:: Record extracts
(* Let $G$ be a group and let $(\mu_i,\lambda_i)$, $i\in I\cup J$, be pairs of commuting elements of $G$ (with $I,J$ index sets). Let $j_0\in J$, let $p,q$ be relatively prime integers, and let $N$ be the normal subgroup of $G$ generated by $\mu_{j_0}^p\lambda_{j_0}^q$. Let $s_i\in\mathbb{RP}^1$ for $i\in I$ and $s_j\in\mathbb{QP}^1$ for $j\in J$ be slopes with $s_{j_0}=[p:q]$. Then the following are equivalent: (a) there is a left total preorder $\le_0$ on $G$ such that $s_i$ is weakly $\le_0$-detected with respect to $(\mu_i,\lambda_i)$ for every $i\in I$, and $s_j$ is strongly $\le_0$-detected with respect to $(\mu_j,\lambda_j)$ for every $j\in J$; (b) there is a left total preorder $\le$ on $G/N$ such that $s_i$ is weakly $\le$-detected with respect to $(\mu_iN,\lambda_iN)$ for every $i\in I$, and $s_j$ is strongly $\le$-detected with respect to $(\mu_jN,\lambda_jN)$ for every $j\in J\setminus\{j_0\}$.
   Context: A left total preorder on a group $G$ is a binary relation $\le$ on $G$ that is reflexive, transitive, total ($x\le y$ or $y\le x$ for all $x,y$), left-invariant ($x\le y\Rightarrow gx\le gy$), and proper, i.e. not the trivial relation in which $x\le y$ for all $x,y$. Its residue group is $\{g\in G: g\le 1 \text{ and } 1\le g\}$. For commuting $\mu,\lambda\in G$, a slope $[x:y]\in\mathbb{RP}^1$ is weakly $\le$-detected with respect to $(\mu,\lambda)$ if $\mu^{p_2}\lambda^{q_2}\ge 1$ for all integers $p_1,q_1,p_2,q_2$ with $\mu^{p_1}\lambda^{q_1}\ge 1$ and $(p_1y-q_1x)(p_2y-q_2x)>0$. A slope $[p:q]\in\mathbb{QP}^1$ ($p,q$ relatively prime integers) is strongly $\le$-detected with respect to $(\mu,\lambda)$ if every conjugate of $\mu^p\lambda^q$ lies in the residue group of $\le$. *)

theory Defs
  imports "HOL-Algebra.Algebra"
begin

definition left_total_preorder :: "('a, 'b) monoid_scheme \<Rightarrow> ('a \<Rightarrow> 'a \<Rightarrow> bool) \<Rightarrow> bool" where
  "left_total_preorder G R \<longleftrightarrow>
     (\<forall>x\<in>carrier G. R x x) \<and>
     (\<forall>x\<in>carrier G. \<forall>y\<in>carrier G. \<forall>z\<in>carrier G. R x y \<longrightarrow> R y z \<longrightarrow> R x z) \<and>
     (\<forall>x\<in>carrier G. \<forall>y\<in>carrier G. R x y \<or> R y x) \<and>
     (\<forall>g\<in>carrier G. \<forall>x\<in>carrier G. \<forall>y\<in>carrier G. R x y \<longrightarrow> R (g \<otimes>\<^bsub>G\<^esub> x) (g \<otimes>\<^bsub>G\<^esub> y)) \<and>
     \<not> (\<forall>x\<in>carrier G. \<forall>y\<in>carrier G. R x y)"

definition residue_group :: "('a, 'b) monoid_scheme \<Rightarrow> ('a \<Rightarrow> 'a \<Rightarrow> bool) \<Rightarrow> 'a set" where
  "residue_group G R = {g \<in> carrier G. R g \<one>\<^bsub>G\<^esub> \<and> R \<one>\<^bsub>G\<^esub> g}"

text \<open>A slope [x:y] in RP^1 is represented by a nonzero real pair (x,y); the condition is
  invariant under nonzero rescaling.\<close>
definition weakly_detected ::
  "('a, 'b) monoid_scheme \<Rightarrow> ('a \<Rightarrow> 'a \<Rightarrow> bool) \<Rightarrow> 'a \<Rightarrow> 'a \<Rightarrow> real \<times> real \<Rightarrow> bool" where
  "weakly_detected G R \<mu> l s \<longleftrightarrow>
     (\<forall>p1 q1 p2 q2 :: int.
        R \<one>\<^bsub>G\<^esub> (\<mu> [^]\<^bsub>G\<^esub> p1 \<otimes>\<^bsub>G\<^esub> l [^]\<^bsub>G\<^esub> q1) \<and>
        (of_int p1 * snd s - of_int q1 * fst s) * (of_int p2 * snd s - of_int q2 * fst s) > 0
        \<longrightarrow> R \<one>\<^bsub>G\<^esub> (\<mu> [^]\<^bsub>G\<^esub> p2 \<otimes>\<^bsub>G\<^esub> l [^]\<^bsub>G\<^esub> q2))"

text \<open>A slope [p:q] in QP^1 is represented by a pair of coprime integers (p,q).\<close>
definition strongly_detected ::
  "('a, 'b) monoid_scheme \<Rightarrow> ('a \<Rightarrow> 'a \<Rightarrow> bool) \<Rightarrow> 'a \<Rightarrow> 'a \<Rightarrow> int \<times> int \<Rightarrow> bool" where
  "strongly_detected G R \<mu> l s \<longleftrightarrow>
     (\<forall>g\<in>carrier G. g \<otimes>\<^bsub>G\<^esub> (\<mu> [^]\<^bsub>G\<^esub> fst s \<otimes>\<^bsub>G\<^esub> l [^]\<^bsub>G\<^esub> snd s) \<otimes>\<^bsub>G\<^esub> inv\<^bsub>G\<^esub> g
        \<in> residue_group G R)"

definition normal_closure :: "('a, 'b) monoid_scheme \<Rightarrow> 'a set \<Rightarrow> 'a set" where
  "normal_closure G S = generate G {g \<otimes>\<^bsub>G\<^esub> s \<otimes>\<^bsub>G\<^esub> inv\<^bsub>G\<^esub> g | g s. g \<in> carrier G \<and> s \<in> S}"

end

theory Submission
  imports Defs
begin

text \<open>The quotient map \<open>G \<rightarrow> G/N\<close> is a surjective homomorphism, and pulling relations back
  along a surjective homomorphism preserves and reflects being a left total preorder as well as weak
  and strong detection. The left total preorders on \<open>G\<close> obtained in this way are exactly those
  whose residue group contains \<open>N\<close>, since a left total preorder is constant on the cosets of any
  normal subgroup of its residue group. As the residue group is a subgroup, it contains \<open>N\<close>
  precisely when \<open>[p:q]\<close> is strongly detected with respect to \<open>(\<mu>\<^sub>j\<^sub>0, \<lambda>\<^sub>j\<^sub>0)\<close>.\<close>

lemma left_total_preorder_refl:
  "left_total_preorder G R \<Longrightarrow> x \<in> carrier G \<Longrightarrow> R x x"
  unfolding left_total_preorder_def by blast

lemma left_total_preorder_trans:
  "left_total_preorder G R \<Longrightarrow> R x y \<Longrightarrow> R y z
    \<Longrightarrow> x \<in> carrier G \<Longrightarrow> y \<in> carrier G \<Longrightarrow> z \<in> carrier G \<Longrightarrow> R x z"
  unfolding left_total_preorder_def by blast

lemma left_total_preorder_mult_left:
  "left_total_preorder G R \<Longrightarrow> R x y
    \<Longrightarrow> g \<in> carrier G \<Longrightarrow> x \<in> carrier G \<Longrightarrow> y \<in> carrier G \<Longrightarrow> R (g \<otimes>\<^bsub>G\<^esub> x) (g \<otimes>\<^bsub>G\<^esub> y)"
  unfolding left_total_preorder_def by blast
lemma
  assumes "\<And>k. k \<in> S \<Longrightarrow> 0 \<le> c k" and "g \<in> borel_measurable borel"
  shows integrable_discrete_measure_iff:
      "integrable (discrete_measure c p S) (g :: real \<Rightarrow> real)
         \<longleftrightarrow> integrable (count_space S) (\<lambda>k. c k * g (p k))"
    and integral_discrete_measure:
      "integral\<^sup>L (discrete_measure c p S) g = integral\<^sup>L (count_space S) (\<lambda>k. c k * g (p k))"
  using assms
  by (simp_all add: discrete_measure_def integrable_distr_eq integral_distr
        integrable_density integral_density AE_count_space)

lemma finite_moments_discrete_measure:
  assumes "\<And>k. k \<in> S \<Longrightarrow> 0 \<le> c k" and "\<And>j. integrable (count_space S) (\<lambda>k. c k * p k ^ j)"
  shows "finite_moments_borel (discrete_measure c p S)"
  using assms by (simp add: finite_moments_borel_def integrable_discrete_measure_iff)

lemma signed_discrete_measure_moments:
  fixes c p :: "'a \<Rightarrow> real"
  assumes int: "\<And>j. integrable (count_space S) (\<lambda>k. c k * p k ^ j)"
  shows "\<exists>\<mu>p \<mu>m. finite_moments_borel \<mu>p \<and> finite_moments_borel \<mu>m \<and>
           (\<forall>j. integral\<^sup>L \<mu>p (\<lambda>x. x ^ j) - integral\<^sup>L \<mu>m (\<lambda>x. x ^ j)
                  = integral\<^sup>L (count_space S) (\<lambda>k. c k * p k ^ j))"
proof (intro exI conjI allI)
  define cp where "cp k = max (c k) 0" for k
  define cm where "cm k = max (- c k) 0" for k
  have nonneg: "0 \<le> cp k" "0 \<le> cm k" for k
    by (auto simp: cp_def cm_def)
  have int_cp: "integrable (count_space S) (\<lambda>k. cp k * p k ^ j)" for j
    by (rule Bochner_Integration.integrable_bound[OF int[of j]])
       (auto simp: cp_def abs_mult intro!: AE_I2 mult_right_mono)
  have int_cm: "integrable (count_space S) (\<lambda>k. cm k * p k ^ j)" for j
    by (rule Bochner_Integration.integrable_bound[OF int[of j]])
       (auto simp: cm_def abs_mult intro!: AE_I2 mult_right_mono)
  show "finite_moments_borel (discrete_measure cp p S)"
    "finite_moments_borel (discrete_measure cm p S)"
    using nonneg int_cp int_cm by (auto intro: finite_moments_discrete_measure)
  fix j
  have "integral\<^sup>L (discrete_measure cp p S) (\<lambda>x. x ^ j) - integral\<^sup>L (discrete_measure cm p S) (\<lambda>x. x ^ j)
      = integral\<^sup>L (count_space S) (\<lambda>k. cp k * p k ^ j - cm k * p k ^ j)"
    using nonneg int_cp int_cm by (simp add: integral_discrete_measure)
  also have "\<dots> = integral\<^sup>L (count_space S) (\<lambda>k. c k * p k ^ j)"
    by (rule Bochner_Integration.integral_cong) (auto simp: cp_def cm_def max_def algebra_simps)
  finally show "integral\<^sup>L (discrete_measure cp p S) (\<lambda>x. x ^ j)
      - integral\<^sup>L (discrete_measure cm p S) (\<lambda>x. x ^ j)
      = integral\<^sup>L (count_space S) (\<lambda>k. c k * p k ^ j)" .
qed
::::
Exercise requirements:
Output the material above exactly, but only from the line that carries "R \<Longrightarrow> R x y \<Longrightarrow>" through the line that carries "real \<Rightarrow> real)".

Expected answer:
  "left_total_preorder G R \<Longrightarrow> R x y \<Longrightarrow> R y z
    \<Longrightarrow> x \<in> carrier G \<Longrightarrow> y \<in> carrier G \<Longrightarrow> z \<in> carrier G \<Longrightarrow> R x z"
  unfolding left_total_preorder_def by blast

lemma left_total_preorder_mult_left:
  "left_total_preorder G R \<Longrightarrow> R x y
    \<Longrightarrow> g \<in> carrier G \<Longrightarrow> x \<in> carrier G \<Longrightarrow> y \<in> carrier G \<Longrightarrow> R (g \<otimes>\<^bsub>G\<^esub> x) (g \<otimes>\<^bsub>G\<^esub> y)"
  unfolding left_total_preorder_def by blast
lemma
  assumes "\<And>k. k \<in> S \<Longrightarrow> 0 \<le> c k" and "g \<in> borel_measurable borel"
  shows integrable_discrete_measure_iff:
      "integrable (discrete_measure c p S) (g :: real \<Rightarrow> real)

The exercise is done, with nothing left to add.